To my great surprise, her methods actually worked.
Perhaps it was the fact that I had always loved dancing and music, but I had far more success training with Serilda than I’d ever had with anyone else. Even when I wasn’t training, I could still hear the music playing in my mind, and I often twirled down the hallways, moving through the fighting sequences. In a way, I supposed they were like sections of a dance. Only these dances ended with blood, pain, and death, instead of bows, smiles, and claps.
Serilda was also right about the sword, dagger, and shield. The tearstone weapons were so lightweight that they felt more like extensions of my hands, rather than something separate, just like a morph’s talons or a magier’s lightning where a part of who and what they were.

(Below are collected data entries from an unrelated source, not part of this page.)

definition normalized_3cocycle ::
  "'p monoid \<Rightarrow> ('p \<Rightarrow> 'a::ab_group_add \<Rightarrow> 'a) \<Rightarrow> ('p \<Rightarrow> 'p \<Rightarrow> 'p \<Rightarrow> 'a) \<Rightarrow> bool" where
  "normalized_3cocycle P act \<xi> \<longleftrightarrow>
     (\<forall>x\<in>carrier P. \<forall>y\<in>carrier P. \<forall>z\<in>carrier P. \<forall>t\<in>carrier P.
        act x (\<xi> y z t) - \<xi> (x \<otimes>\<^bsub>P\<^esub> y) z t + \<xi> x (y \<otimes>\<^bsub>P\<^esub> z) t
        - \<xi> x y (z \<otimes>\<^bsub>P\<^esub> t) + \<xi> x y z = 0)
   \<and> (\<forall>x\<in>carrier P. \<forall>y\<in>carrier P.
        \<xi> \<one>\<^bsub>P\<^esub> x y = 0 \<and> \<xi> x \<one>\<^bsub>P\<^esub> y = 0 \<and> \<xi> x y \<one>\<^bsub>P\<^esub> = 0)"

text \<open>
  Data of a (monoidal) functor S -> S:
  mf_obj x = F(x);  mf_mor x u = the A-component of F(x,u) : F x -> F x;
  mf_tld x y = A-component of F~_{x,y} : F(xy) -> F(x)F(y)  (forces F(xy) = F(x)F(y));
  mf_hat = A-component of F^ : F(1) -> 1  (forces F(1) = 1).
\<close>

record ('p, 'a) mfun =
  mf_obj :: "'p \<Rightarrow> 'p"
  mf_mor :: "'p \<Rightarrow> 'a \<Rightarrow> 'a"
  mf_tld :: "'p \<Rightarrow> 'p \<Rightarrow> 'a"
  mf_hat :: "'a"

definition monoidal_functor ::
  "'p monoid \<Rightarrow> ('p \<Rightarrow> 'a::ab_group_add \<Rightarrow> 'a) \<Rightarrow> ('p \<Rightarrow> 'p \<Rightarrow> 'p \<Rightarrow> 'a) \<Rightarrow> ('p, 'a) mfun \<Rightarrow> bool" where
  "monoidal_functor P act \<xi> F \<longleftrightarrow>
     \<comment> \<open>F is a functor S -> S\<close>
     (\<forall>x\<in>carrier P. mf_obj F x \<in> carrier P)
   \<and> (\<forall>x\<in>carrier P. \<forall>u v. mf_mor F x (u + v) = mf_mor F x u + mf_mor F x v)
     \<comment> \<open>F~_{x,y} : F(xy) -> F(x)F(y) and F^ : F(I) -> I are morphisms of S\<close>
   \<and> (\<forall>x\<in>carrier P. \<forall>y\<in>carrier P. mf_obj F (x \<otimes>\<^bsub>P\<^esub> y) = mf_obj F x \<otimes>\<^bsub>P\<^esub> mf_obj F y)
   \<and> mf_obj F \<one>\<^bsub>P\<^esub> = \<one>\<^bsub>P\<^esub>
     \<comment> \<open>naturality of F~ :  F~ o F((x,u) tensor (y,v)) = (F(x,u) tensor F(y,v)) o F~\<close>
   \<and> (\<forall>x\<in>carrier P. \<forall>y\<in>carrier P. \<forall>u v.
        mf_tld F x y + mf_mor F (x \<otimes>\<^bsub>P\<^esub> y) (u + act x v)
        = (mf_mor F x u + act (mf_obj F x) (mf_mor F y v)) + mf_tld F x y)
     \<comment> \<open>compatibility with the associativity constraints\<close>
   \<and> (\<forall>x\<in>carrier P. \<forall>y\<in>carrier P. \<forall>z\<in>carrier P.
        \<xi> (mf_obj F x) (mf_obj F y) (mf_obj F z)
          + act (mf_obj F x) (mf_tld F y z) + mf_tld F x (y \<otimes>\<^bsub>P\<^esub> z)
        = mf_tld F x y + mf_tld F (x \<otimes>\<^bsub>P\<^esub> y) z
          + mf_mor F (x \<otimes>\<^bsub>P\<^esub> y \<otimes>\<^bsub>P\<^esub> z) (\<xi> x y z))
     \<comment> \<open>compatibility with the (strict) unit constraints:
         F(l_x) = l_{Fx} o (F^ tensor id) o F~_{1,x},  F(r_x) = r_{Fx} o (id tensor F^) o F~_{x,1}\<close>
   \<and> (\<forall>x\<in>carrier P. mf_hat F + mf_tld F \<one>\<^bsub>P\<^esub> x = 0)
   \<and> (\<forall>x\<in>carrier P. act (mf_obj F x) (mf_hat F) + mf_tld F x \<one>\<^bsub>P\<^esub> = 0)"

text \<open>A monoidal autoequivalence: a monoidal functor that is an equivalence, i.e.
  fully faithful and essentially surjective.  Since S is skeletal with only
  automorphisms, this means: bijective on objects and bijective on each Aut(x).\<close>

definition monoidal_autoequiv ::
  "'p monoid \<Rightarrow> ('p \<Rightarrow> 'a::ab_group_add \<Rightarrow> 'a) \<Rightarrow> ('p \<Rightarrow> 'p \<Rightarrow> 'p \<Rightarrow> 'a) \<Rightarrow> ('p, 'a) mfun \<Rightarrow> bool" where
  "monoidal_autoequiv P act \<xi> F \<longleftrightarrow>
     monoidal_functor P act \<xi> F
   \<and> bij_betw (mf_obj F) (carrier P) (carrier P)
   \<and> (\<forall>x\<in>carrier P. bij (mf_mor F x))"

Every day was different. Sometimes, all I did was work with the sword. Sometimes, only the dagger, or only the shield. Sometimes, all three together. Sometimes, no weapons at all, except for my fists and my wits.
My sparring partners were also different. Cho, Paloma, and Sullivan were always there, but I battled them in different groups, from one-on-one to all three at once. Sometimes, Halvar and Bjarni joined in as well, trying to cleave me in two with their maces. All the while, Serilda circled me, barking out orders to keep my hips square, my sword up, and my eyes on my enemy.

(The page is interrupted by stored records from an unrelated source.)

(* Let $n\ge1$ and let $f\colon[0,1]^n\to\mathbb{R}$ be a Lovász extension. Then $f_L=\mathrm{Sym}(f)$ and $$\mathrm{Sym}(f)=f(\mathbf{0})+\sum_{i=1}^n I(f,i)\,\mathrm{os}_i.$$
   Context: $S_n$ is the symmetric group on $\{1,\ldots,n\}$; for $\pi\in S_n$, $[0,1]^n_\pi=\{\mathbf{x}:x_{\pi(1)}<\cdots<x_{\pi(n)}\}$. A Lovász extension is a continuous function $f\colon[0,1]^n\to\mathbb{R}$ which, on each $[0,1]^n_\pi$, coincides with the unique affine function agreeing with $f$ at the $n+1$ vertices $\mathbf{1}_{\{\pi(i),\ldots,\pi(n)\}}$ ($i=1,\ldots,n+1$), where $\mathbf{1}_S$ is the characteristic vector of $S$ and $\mathbf{0}=\mathbf{1}_\varnothing$. $S_n$ acts by $\pi(f)(x_1,\ldots,x_n)=f(x_{\pi(1)},\ldots,x_{\pi(n)})$ and $\mathrm{Sym}(f)=\frac1{n!}\sum_{\pi}\pi(f)$. For $\mathbf{x}\in[0,1]^n$, $x_{(1)}\le\cdots\le x_{(n)}$ are its coordinates in ascending order, $\mathrm{os}_i(\mathbf{x})=x_{(i)}$, with $x_{(0)}=0$, $x_{(n+1)}=1$. $f_L$ is the best least squares (in $L^2([0,1]^n)$) approximation of $f$ by functions in the span of $1,\mathrm{os}_1,\ldots,\mathrm{os}_n$. The influence index is $I(f,k)=-(n+1)(n+2)\int_{[0,1]^n}f(\mathbf{x})\,\big(x_{(k+1)}-2x_{(k)}+x_{(k-1)}\big)\,d\mathbf{x}$. *)

theory Defs
  imports "HOL-Analysis.Analysis" "HOL-Library.Multiset"
begin

text \<open>Points of [0,1]^n are vectors of type real^'n, with n = CARD('n) (n \<ge> 1 automatically).
  The unit cube is cbox 0 1.\<close>

definition char_vec :: "'n::finite set \<Rightarrow> real^'n" where
  "char_vec S = (\<chi> j. if j \<in> S then 1 else 0)"

text \<open>A permutation of the coordinates, written as an enumeration
  sigma : {1..n} -> 'n (sigma i plays the role of pi(i)); the region [0,1]^n_pi.\<close>
definition perm_region :: "(nat \<Rightarrow> 'n::finite) \<Rightarrow> (real^'n) set" where
  "perm_region \<sigma> = {x \<in> cbox 0 1. \<forall>i j. 1 \<le> i \<longrightarrow> i < j \<longrightarrow> j \<le> CARD('n) \<longrightarrow> x $ \<sigma> i < x $ \<sigma> j}"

While I trained, the rest of the troupe integrated themselves quite nicely into Castle Asmund. Everyone from the acrobats to the gladiators to the bone masters practiced their routines, skills, and magic, keeping themselves sharp, and fascinating the Ungers with dazzling displays of acrobatics, fighting, healing, and more.
One morning about three weeks into my tra
ining, I stepped into the courtyard to find it deserted, except for Serilda. But instead of sitting on the table, sipping mochana like usual, she was standing in the middle of the courtyard, holding her own personal sword and shield.
I eyed the weapons. They gleamed a dull silver and were made of tearstone, just like mine, and they bore Serilda’s swan crest—jet shards with a blue tearstone eye and beak. I wondered when Alvis had made the weapons for her—and why—but I didn’t ask. She wouldn’t tell me anyway.
Serilda gestured for me to face her. I sighed and did as she commanded. This was going to hurt.
“Today, you are going to fight until you can’t fight anymore,” she said.
“And then what?”
“And then we’ll see how much progress you’ve really made.”
I opened my mouth to ask what she meant, but she raised her sword and attacked. I snapped up my own sword and shield, and the fight was on.
And I lost spectacularly.
I had never fought Serilda before, but I quickly realized why she was the leader of the Black Swan troupe—because she was the best fighter. Cho, Paloma, and Sullivan were all skilled warriors, but they couldn’t compare to Serilda, who was faster, smarter, and far more ruthless. We were barely three moves into the fight before she disarmed me, flipped me over her shoulder, and pressed her sword up against my throat.
“You’re dead,” she snapped. “Now get up.”
I shook off the blow, got back onto my feet, and grabbed my sword and shield. And once again, she attacked and killed me in only a few moves.
“Again!” she snapped. “Again! Again!”
I rapidly came to despise that word. It was painfully apparent that I couldn’t beat her—that I was never going to beat her—but every time she killed me, I got back up and braced myself for another attack.
After the twelfth—thirteenth?—time that Serilda flipped me over her shoulder and onto my back, she glared down at me, disgust stamped all over her features. “You’re thinking too much. You need to react, defend, attack. You need to just fucking move like you did during the Tanzen Freund. You’re too worried about everything else.”